2. The comprehensions are more efficient than using a for a loop.
3. We can use conditional statements in the comprehensions.
4. Comprehensions are a good alternative to the built-in map and filter functions.
5. We can have nested comprehensions.
6. In Python, we have also dictionary comprehensions and set comprehensions.
7. Generator expressions are preferable when we work with an infinite stream of a very large amount of data.
8. An iterable is something you can loop over.
9. Sequences are a very common type of iterable
10. Many things in Python are iterables, but not all of them are sequences.

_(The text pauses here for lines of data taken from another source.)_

lemma rhom_W_on_generators:
  assumes F: "F \<in> rhom B W\<^sub>B W\<^sub>B"
  obtains b where "b \<in> carr B" "\<And>q p. q \<in> carr Q \<Longrightarrow> p \<in> carr P \<Longrightarrow> F (BQP.tens3 (onem B) q p) = BQP.tens3 (\<beta> b) q p"
proof -
  note F_lin = rhom_WW_klinear[OF F, unfolded klinear_def]
  have "\<forall>m\<in>{..<nb}. \<exists>c. \<forall>q\<in>carr Q. \<forall>y\<in>carr P'. \<forall>p\<in>carr P.
      \<tau> (\<chi> m) y (F (BQP.tens3 (onem B) q p)) = smulm P (c * q y) p"
    using rhom_W_coordinate_scalar[OF F] by simp
  then obtain cF where cF: "\<forall>m\<in>{..<nb}. \<forall>q\<in>carr Q. \<forall>y\<in>carr P'. \<forall>p\<in>carr P.
      \<tau> (\<chi> m) y (F (BQP.tens3 (onem B) q p)) = smulm P (cF m * q y) p"
    by (metis bchoice)
  define c where "c = ksum B (\<lambda>m. smulm B (cF m) (bb m)) {..<nb}"
  have c: "c \<in> carr B"
    unfolding c_def by (intro AlgB.ksum_closed) auto
  have "F (BQP.tens3 (onem B) q p) = BQP.tens3 c q p" if q: "q \<in> carr Q" and p: "p \<in> carr P" for q p
  proof -
    have Fw: "F (BQP.tens3 (onem B) q p) \<in> carr W"
      using F_lin q p by simp
    have "BQP.tens3 (bb m) (\<xi> i) (\<tau> (\<chi> m) (e i) (F (BQP.tens3 (onem B) q p))) =
        BQP.tens3 (smulm B (cF m) (bb m)) (\<lambda>y. q (e i) * \<xi> i y) p" if "m < nb" "i < ne" for m i
      using that q p cF
      by (simp add: tens3_dual_smul BQP.tens3_smul1 BQP.tens3_smul3 BQP.Outer.T.smul_smul[symmetric],
          simp add: mult.commute)
    then have "ksum W (\<lambda>z. BQP.tens3 (bb (fst z)) (\<xi> (snd z)) (\<tau> (\<chi> (fst z)) (e (snd z)) (F (BQP.tens3 (onem B) q p))))
        ({..<nb} \<times> {..<ne}) =
        ksum W (\<lambda>z. BQP.tens3 (smulm B (cF (fst z)) (bb (fst z))) (\<lambda>y. q (e (snd z)) * \<xi> (snd z) y) p) ({..<nb} \<times> {..<ne})"
      using q p by (intro BQP.Outer.T.ksum_cong) (auto intro!: BQP.tens3_closed dual_smul_closed)
    then have "F (BQP.tens3 (onem B) q p) =
        ksum W (\<lambda>z. BQP.tens3 (smulm B (cF (fst z)) (bb (fst z))) (\<lambda>y. q (e (snd z)) * \<xi> (snd z) y) p) ({..<nb} \<times> {..<ne})"
      by (simp only: W_coordinate_expand[OF Fw])
    also have "\<dots> = BQP.tens3 c q p"
      unfolding c_def using q p by (subst BQP.tens3_ksum12) (auto intro!: dual_smul_closed simp: Q_expand)
    finally show ?thesis .
  qed
  moreover obtain b where "b \<in> carr B" "\<beta> b = c"
    using \<beta>_bij c unfolding bij_betw_def by (metis imageE)
  ultimately show ?thesis
    using that[of b] by simp
qed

11. An iterator is an object representing a stream of data. It does the iterating over an iterable. You can use an iterator to get the next value or to loop over it. Once, you loop over an iterator, there are no more stream values.
12. Iterators use the lazy evaluation approach.
13. Many built-in classes in Python are iterators.
14. A generator function is a function which returns an iterator.
15. A generator expression is an expression that returns an iterator.